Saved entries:
= Beginning of Section =

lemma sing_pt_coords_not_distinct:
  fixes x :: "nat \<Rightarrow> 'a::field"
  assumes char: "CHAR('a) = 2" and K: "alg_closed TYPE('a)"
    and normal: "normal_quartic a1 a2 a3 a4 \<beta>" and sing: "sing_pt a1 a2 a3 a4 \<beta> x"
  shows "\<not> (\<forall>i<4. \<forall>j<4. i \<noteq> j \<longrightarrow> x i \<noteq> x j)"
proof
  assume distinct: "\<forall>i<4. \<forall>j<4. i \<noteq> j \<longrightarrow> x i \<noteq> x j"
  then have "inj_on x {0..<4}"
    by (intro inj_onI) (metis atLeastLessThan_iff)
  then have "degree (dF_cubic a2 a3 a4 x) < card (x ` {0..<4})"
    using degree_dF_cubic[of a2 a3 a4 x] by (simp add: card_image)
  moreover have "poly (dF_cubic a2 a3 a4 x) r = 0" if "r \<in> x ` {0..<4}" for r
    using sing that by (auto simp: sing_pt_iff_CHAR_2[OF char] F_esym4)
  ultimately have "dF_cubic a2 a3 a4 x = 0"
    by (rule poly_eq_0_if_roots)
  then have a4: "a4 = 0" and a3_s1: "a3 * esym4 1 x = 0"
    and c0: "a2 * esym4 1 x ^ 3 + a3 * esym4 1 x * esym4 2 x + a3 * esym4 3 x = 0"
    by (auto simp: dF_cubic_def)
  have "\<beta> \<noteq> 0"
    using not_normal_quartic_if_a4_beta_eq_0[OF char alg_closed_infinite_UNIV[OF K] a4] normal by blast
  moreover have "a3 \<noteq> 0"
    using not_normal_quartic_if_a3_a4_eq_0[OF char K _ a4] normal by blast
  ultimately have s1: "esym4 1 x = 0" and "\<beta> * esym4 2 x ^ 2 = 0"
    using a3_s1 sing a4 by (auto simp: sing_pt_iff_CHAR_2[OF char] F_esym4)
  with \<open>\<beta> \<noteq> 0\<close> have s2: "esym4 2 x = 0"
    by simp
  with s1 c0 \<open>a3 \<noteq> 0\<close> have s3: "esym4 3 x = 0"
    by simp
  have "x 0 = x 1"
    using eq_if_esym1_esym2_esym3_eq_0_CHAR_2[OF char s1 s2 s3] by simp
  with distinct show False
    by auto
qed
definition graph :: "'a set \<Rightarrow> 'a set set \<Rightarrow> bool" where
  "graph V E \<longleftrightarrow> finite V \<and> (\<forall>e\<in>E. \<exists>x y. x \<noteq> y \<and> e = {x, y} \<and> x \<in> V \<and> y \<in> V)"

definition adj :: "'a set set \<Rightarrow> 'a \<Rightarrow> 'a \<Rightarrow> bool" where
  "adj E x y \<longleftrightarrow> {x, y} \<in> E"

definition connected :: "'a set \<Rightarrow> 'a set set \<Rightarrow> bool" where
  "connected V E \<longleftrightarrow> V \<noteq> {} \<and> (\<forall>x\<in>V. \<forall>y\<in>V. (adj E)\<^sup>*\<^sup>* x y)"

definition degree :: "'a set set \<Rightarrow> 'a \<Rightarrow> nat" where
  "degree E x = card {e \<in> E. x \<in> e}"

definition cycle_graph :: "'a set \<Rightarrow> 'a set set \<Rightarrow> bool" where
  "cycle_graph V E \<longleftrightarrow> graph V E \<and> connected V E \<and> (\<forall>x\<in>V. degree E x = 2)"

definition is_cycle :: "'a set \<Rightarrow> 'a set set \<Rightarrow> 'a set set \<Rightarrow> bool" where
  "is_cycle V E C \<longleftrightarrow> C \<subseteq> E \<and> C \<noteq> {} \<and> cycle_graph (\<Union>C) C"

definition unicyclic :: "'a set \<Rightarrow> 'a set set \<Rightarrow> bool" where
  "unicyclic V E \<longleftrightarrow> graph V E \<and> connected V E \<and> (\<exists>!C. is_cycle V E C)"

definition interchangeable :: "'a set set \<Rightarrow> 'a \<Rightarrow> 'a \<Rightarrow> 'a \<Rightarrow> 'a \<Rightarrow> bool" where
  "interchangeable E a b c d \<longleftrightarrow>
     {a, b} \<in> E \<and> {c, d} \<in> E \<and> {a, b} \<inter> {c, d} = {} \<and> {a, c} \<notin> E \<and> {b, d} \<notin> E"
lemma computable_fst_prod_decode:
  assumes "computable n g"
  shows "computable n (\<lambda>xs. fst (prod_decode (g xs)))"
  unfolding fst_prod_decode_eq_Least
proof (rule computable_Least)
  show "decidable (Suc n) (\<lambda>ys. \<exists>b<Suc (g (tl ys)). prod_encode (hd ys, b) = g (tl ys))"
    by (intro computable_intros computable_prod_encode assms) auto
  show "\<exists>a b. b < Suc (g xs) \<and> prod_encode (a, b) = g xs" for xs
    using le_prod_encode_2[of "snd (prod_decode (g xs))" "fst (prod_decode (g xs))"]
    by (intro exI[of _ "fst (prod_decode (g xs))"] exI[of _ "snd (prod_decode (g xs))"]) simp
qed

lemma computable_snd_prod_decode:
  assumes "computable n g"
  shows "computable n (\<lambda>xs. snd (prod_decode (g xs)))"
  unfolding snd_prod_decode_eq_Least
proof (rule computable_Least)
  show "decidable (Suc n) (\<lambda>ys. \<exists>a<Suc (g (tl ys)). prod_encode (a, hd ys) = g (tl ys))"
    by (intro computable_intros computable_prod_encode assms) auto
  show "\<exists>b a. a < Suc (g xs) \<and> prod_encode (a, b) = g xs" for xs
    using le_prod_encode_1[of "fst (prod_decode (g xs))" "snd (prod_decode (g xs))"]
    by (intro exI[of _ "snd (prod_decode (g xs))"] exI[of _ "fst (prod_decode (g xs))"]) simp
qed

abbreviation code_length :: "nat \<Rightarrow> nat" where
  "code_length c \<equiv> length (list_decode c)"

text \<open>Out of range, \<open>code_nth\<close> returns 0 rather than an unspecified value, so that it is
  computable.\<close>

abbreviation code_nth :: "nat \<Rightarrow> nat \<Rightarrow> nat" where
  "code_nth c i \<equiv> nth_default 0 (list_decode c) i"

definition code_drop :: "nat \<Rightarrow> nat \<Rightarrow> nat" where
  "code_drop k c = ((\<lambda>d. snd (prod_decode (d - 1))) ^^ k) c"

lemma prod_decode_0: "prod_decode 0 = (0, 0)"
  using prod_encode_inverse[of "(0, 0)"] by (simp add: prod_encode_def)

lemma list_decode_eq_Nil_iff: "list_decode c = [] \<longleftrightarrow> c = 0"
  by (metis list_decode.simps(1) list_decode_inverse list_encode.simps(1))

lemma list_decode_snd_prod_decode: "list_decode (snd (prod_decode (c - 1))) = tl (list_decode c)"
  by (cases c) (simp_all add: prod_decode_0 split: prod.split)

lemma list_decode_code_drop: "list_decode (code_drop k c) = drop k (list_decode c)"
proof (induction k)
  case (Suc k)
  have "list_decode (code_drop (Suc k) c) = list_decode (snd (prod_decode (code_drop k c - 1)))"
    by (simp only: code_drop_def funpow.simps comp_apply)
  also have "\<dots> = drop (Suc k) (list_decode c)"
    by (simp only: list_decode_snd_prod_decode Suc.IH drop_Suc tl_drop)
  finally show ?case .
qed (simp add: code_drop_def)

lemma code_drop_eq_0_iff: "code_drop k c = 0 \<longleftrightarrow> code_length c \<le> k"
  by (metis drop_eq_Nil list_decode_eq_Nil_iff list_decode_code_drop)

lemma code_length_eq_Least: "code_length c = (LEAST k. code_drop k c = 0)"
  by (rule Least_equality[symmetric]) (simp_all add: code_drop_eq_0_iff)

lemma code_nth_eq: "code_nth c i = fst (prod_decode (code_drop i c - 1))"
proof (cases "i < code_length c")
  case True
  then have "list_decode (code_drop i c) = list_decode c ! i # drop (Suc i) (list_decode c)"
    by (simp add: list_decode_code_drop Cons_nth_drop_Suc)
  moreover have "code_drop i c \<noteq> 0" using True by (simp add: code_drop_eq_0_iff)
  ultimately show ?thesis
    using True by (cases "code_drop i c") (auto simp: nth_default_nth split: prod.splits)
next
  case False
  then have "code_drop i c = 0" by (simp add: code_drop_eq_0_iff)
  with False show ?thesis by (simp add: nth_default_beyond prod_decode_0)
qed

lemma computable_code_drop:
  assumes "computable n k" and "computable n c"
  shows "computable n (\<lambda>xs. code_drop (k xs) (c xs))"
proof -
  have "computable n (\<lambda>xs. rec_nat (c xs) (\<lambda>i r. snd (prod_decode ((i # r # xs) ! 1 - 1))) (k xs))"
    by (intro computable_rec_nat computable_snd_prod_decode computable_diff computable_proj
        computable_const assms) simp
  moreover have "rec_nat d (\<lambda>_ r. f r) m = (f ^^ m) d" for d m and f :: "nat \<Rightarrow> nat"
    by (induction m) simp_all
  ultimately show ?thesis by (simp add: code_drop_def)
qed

= End of Section =

### Task statement
Set down again, word for word, the stretch of records from the line with "n) (\<lambda>ys. \<exists>b<Suc" to the line with "c \<equiv> length", both of those lines included.

### Task answer
  show "decidable (Suc n) (\<lambda>ys. \<exists>b<Suc (g (tl ys)). prod_encode (hd ys, b) = g (tl ys))"
    by (intro computable_intros computable_prod_encode assms) auto
  show "\<exists>a b. b < Suc (g xs) \<and> prod_encode (a, b) = g xs" for xs
    using le_prod_encode_2[of "snd (prod_decode (g xs))" "fst (prod_decode (g xs))"]
    by (intro exI[of _ "fst (prod_decode (g xs))"] exI[of _ "snd (prod_decode (g xs))"]) simp
qed

lemma computable_snd_prod_decode:
  assumes "computable n g"
  shows "computable n (\<lambda>xs. snd (prod_decode (g xs)))"
  unfolding snd_prod_decode_eq_Least
proof (rule computable_Least)
  show "decidable (Suc n) (\<lambda>ys. \<exists>a<Suc (g (tl ys)). prod_encode (a, hd ys) = g (tl ys))"
    by (intro computable_intros computable_prod_encode assms) auto
  show "\<exists>b a. a < Suc (g xs) \<and> prod_encode (a, b) = g xs" for xs
    using le_prod_encode_1[of "fst (prod_decode (g xs))" "snd (prod_decode (g xs))"]
    by (intro exI[of _ "snd (prod_decode (g xs))"] exI[of _ "fst (prod_decode (g xs))"]) simp
qed

abbreviation code_length :: "nat \<Rightarrow> nat" where
  "code_length c \<equiv> length (list_decode c)"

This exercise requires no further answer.